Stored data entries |

◇ ◇ ◇ ◇

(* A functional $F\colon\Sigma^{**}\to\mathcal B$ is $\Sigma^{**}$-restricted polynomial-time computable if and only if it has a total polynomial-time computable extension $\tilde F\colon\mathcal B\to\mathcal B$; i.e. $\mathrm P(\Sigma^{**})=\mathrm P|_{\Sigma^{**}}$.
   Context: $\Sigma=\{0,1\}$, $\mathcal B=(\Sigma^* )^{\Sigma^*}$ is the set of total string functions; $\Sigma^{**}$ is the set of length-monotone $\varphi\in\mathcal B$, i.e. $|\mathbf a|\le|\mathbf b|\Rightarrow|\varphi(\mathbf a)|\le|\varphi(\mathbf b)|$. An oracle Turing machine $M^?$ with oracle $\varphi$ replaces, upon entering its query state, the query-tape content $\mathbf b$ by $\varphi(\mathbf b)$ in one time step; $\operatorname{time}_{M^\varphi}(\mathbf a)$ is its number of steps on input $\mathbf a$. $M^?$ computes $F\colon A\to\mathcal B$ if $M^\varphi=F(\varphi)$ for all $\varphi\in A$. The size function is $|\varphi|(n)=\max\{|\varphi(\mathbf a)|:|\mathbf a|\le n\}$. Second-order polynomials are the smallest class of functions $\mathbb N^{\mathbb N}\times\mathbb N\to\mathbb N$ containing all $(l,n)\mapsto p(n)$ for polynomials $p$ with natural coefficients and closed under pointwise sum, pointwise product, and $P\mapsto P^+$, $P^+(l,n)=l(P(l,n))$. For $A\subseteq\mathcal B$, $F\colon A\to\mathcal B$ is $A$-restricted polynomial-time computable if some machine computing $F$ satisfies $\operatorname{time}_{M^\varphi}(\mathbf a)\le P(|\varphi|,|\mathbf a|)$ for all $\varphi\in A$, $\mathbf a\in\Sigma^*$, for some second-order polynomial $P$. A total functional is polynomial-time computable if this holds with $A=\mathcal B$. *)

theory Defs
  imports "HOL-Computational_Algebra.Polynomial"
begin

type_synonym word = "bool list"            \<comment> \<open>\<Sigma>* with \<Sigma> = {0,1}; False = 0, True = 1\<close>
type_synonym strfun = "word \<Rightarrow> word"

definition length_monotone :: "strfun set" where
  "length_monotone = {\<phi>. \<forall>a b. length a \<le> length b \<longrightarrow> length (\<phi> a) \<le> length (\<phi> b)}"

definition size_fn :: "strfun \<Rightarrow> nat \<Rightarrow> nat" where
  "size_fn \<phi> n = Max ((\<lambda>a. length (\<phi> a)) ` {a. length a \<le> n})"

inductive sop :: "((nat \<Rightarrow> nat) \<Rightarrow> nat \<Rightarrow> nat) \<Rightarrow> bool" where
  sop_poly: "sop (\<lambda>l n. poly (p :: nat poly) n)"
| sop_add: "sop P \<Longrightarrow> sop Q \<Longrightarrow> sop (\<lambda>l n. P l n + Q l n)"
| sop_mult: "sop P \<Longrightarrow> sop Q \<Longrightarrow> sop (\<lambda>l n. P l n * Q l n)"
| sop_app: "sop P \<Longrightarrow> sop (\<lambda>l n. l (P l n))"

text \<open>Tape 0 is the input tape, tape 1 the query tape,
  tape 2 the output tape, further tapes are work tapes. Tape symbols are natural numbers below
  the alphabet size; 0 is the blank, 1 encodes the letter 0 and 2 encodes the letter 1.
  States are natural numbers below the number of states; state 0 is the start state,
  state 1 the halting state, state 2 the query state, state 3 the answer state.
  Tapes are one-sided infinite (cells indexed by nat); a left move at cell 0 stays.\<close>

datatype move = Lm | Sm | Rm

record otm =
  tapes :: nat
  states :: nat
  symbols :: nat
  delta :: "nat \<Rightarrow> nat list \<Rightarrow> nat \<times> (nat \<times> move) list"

◇ ◇ ◇ ◇

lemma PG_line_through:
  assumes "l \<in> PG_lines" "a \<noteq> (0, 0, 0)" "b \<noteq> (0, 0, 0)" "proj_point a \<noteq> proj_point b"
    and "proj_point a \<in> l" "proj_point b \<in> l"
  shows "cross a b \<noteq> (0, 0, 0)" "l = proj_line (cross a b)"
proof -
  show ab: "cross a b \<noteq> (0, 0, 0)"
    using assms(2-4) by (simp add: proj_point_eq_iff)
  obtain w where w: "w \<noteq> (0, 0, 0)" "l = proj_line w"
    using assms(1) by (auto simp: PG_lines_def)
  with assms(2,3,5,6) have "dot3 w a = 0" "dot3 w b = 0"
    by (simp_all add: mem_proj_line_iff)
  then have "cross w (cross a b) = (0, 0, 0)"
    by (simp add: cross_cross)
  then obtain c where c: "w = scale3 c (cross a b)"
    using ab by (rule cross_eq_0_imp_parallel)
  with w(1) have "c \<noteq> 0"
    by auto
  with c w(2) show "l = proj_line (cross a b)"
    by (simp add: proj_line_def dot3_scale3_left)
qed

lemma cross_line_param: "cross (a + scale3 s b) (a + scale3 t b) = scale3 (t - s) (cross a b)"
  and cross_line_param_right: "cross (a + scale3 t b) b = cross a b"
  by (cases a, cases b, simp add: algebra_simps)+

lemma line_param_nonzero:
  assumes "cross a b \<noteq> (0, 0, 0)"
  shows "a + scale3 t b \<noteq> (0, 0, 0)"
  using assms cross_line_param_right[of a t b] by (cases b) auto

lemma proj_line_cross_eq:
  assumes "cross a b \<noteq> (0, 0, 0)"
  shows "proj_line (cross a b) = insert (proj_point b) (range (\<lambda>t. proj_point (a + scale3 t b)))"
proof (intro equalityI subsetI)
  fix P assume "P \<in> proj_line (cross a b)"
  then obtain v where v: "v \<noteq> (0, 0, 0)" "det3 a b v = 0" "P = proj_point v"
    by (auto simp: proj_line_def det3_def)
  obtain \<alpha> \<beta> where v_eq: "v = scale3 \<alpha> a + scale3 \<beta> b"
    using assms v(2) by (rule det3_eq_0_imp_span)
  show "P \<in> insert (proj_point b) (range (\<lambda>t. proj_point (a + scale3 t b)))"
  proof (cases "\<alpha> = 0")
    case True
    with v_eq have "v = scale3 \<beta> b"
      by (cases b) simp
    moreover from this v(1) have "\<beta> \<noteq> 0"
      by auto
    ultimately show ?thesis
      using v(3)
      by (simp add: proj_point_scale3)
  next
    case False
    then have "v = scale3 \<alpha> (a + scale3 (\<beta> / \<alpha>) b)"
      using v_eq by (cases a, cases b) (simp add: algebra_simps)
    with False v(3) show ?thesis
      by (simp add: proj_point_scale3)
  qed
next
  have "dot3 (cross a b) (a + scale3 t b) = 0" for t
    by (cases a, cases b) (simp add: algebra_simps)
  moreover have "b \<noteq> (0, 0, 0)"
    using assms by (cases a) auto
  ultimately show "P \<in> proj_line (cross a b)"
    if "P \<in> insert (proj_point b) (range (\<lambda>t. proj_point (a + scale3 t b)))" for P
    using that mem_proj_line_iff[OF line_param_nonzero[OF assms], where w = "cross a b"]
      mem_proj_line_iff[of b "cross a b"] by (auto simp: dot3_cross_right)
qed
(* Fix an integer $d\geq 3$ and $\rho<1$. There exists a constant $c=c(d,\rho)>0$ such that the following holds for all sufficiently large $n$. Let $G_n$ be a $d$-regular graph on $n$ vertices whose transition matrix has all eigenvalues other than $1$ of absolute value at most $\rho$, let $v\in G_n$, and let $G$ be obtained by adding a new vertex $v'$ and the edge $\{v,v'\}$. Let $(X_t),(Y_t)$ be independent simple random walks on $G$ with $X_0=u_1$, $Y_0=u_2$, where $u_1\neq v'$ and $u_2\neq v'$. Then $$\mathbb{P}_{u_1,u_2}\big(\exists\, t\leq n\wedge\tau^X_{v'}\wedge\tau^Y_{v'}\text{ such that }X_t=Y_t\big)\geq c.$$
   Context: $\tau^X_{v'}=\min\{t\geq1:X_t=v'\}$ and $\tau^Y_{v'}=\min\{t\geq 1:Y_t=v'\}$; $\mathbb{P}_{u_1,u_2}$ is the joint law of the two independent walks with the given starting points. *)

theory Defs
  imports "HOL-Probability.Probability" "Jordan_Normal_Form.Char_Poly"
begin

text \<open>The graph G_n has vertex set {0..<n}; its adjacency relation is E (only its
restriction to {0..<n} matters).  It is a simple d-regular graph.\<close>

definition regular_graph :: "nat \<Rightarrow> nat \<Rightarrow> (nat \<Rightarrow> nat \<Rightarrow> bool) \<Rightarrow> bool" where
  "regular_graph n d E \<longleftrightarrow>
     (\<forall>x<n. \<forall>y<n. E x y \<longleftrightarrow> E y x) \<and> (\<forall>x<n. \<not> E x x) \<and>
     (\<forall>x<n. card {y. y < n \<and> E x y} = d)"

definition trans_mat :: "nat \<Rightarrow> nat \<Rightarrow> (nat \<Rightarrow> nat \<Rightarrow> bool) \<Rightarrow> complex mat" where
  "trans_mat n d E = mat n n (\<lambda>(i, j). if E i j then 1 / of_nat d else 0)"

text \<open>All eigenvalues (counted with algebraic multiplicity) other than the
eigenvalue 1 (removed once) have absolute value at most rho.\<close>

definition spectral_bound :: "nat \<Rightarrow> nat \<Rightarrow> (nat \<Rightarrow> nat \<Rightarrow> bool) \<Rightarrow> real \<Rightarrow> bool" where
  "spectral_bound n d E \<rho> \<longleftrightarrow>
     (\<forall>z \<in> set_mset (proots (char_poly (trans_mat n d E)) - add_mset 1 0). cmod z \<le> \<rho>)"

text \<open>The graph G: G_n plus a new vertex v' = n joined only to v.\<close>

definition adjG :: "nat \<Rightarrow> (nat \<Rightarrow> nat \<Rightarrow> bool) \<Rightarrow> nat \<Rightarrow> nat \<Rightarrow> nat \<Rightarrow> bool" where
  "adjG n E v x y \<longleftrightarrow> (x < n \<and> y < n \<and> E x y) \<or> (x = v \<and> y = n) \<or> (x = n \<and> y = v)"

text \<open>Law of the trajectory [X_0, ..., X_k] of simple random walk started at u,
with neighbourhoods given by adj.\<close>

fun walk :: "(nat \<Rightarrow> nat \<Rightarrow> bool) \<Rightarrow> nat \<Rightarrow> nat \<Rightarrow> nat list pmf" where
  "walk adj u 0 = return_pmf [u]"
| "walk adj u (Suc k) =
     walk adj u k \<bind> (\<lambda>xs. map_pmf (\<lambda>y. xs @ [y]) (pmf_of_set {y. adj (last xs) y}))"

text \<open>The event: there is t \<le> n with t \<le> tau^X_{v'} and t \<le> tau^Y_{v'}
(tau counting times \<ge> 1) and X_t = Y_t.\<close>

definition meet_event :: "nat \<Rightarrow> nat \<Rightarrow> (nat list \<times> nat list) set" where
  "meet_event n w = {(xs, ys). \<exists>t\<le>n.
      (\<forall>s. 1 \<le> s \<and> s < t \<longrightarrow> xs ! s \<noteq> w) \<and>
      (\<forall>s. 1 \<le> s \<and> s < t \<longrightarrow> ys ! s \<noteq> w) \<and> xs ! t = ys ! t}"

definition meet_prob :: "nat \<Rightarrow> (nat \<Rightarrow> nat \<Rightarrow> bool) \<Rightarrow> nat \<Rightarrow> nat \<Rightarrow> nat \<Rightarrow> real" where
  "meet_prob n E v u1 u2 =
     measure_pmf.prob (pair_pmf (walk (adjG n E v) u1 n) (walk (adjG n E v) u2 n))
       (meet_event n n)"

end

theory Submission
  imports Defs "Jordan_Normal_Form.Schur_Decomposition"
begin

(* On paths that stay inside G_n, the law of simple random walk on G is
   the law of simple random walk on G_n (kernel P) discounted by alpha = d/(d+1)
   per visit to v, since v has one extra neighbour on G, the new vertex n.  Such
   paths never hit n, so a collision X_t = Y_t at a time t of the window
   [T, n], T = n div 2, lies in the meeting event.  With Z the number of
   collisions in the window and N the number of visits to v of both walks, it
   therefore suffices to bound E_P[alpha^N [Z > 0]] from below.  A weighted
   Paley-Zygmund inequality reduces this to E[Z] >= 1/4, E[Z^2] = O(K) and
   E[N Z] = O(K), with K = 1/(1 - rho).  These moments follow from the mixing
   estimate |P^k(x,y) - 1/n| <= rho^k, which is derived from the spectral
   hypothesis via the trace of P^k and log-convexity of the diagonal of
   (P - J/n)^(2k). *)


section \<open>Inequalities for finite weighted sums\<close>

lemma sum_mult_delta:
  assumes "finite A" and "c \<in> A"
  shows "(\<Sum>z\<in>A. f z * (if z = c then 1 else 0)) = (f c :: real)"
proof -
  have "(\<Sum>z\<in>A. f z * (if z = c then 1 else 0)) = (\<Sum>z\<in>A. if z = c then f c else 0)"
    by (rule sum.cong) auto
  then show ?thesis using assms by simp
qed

◇ ◇ ◇ ◇

WHAT YOU SHOULD DO | Retype exactly the lines of the data above that fall between the line with "(tau counting times" and the line with "(\<forall>s. 1 \<le> s \<and> s < t \<longrightarrow> ys", inclusive, and add nothing.

WRITTEN RESPONSE |
(tau counting times \<ge> 1) and X_t = Y_t.\<close>

definition meet_event :: "nat \<Rightarrow> nat \<Rightarrow> (nat list \<times> nat list) set" where
  "meet_event n w = {(xs, ys). \<exists>t\<le>n.
      (\<forall>s. 1 \<le> s \<and> s < t \<longrightarrow> xs ! s \<noteq> w) \<and>
      (\<forall>s. 1 \<le> s \<and> s < t \<longrightarrow> ys ! s \<noteq> w) \<and> xs ! t = ys ! t}"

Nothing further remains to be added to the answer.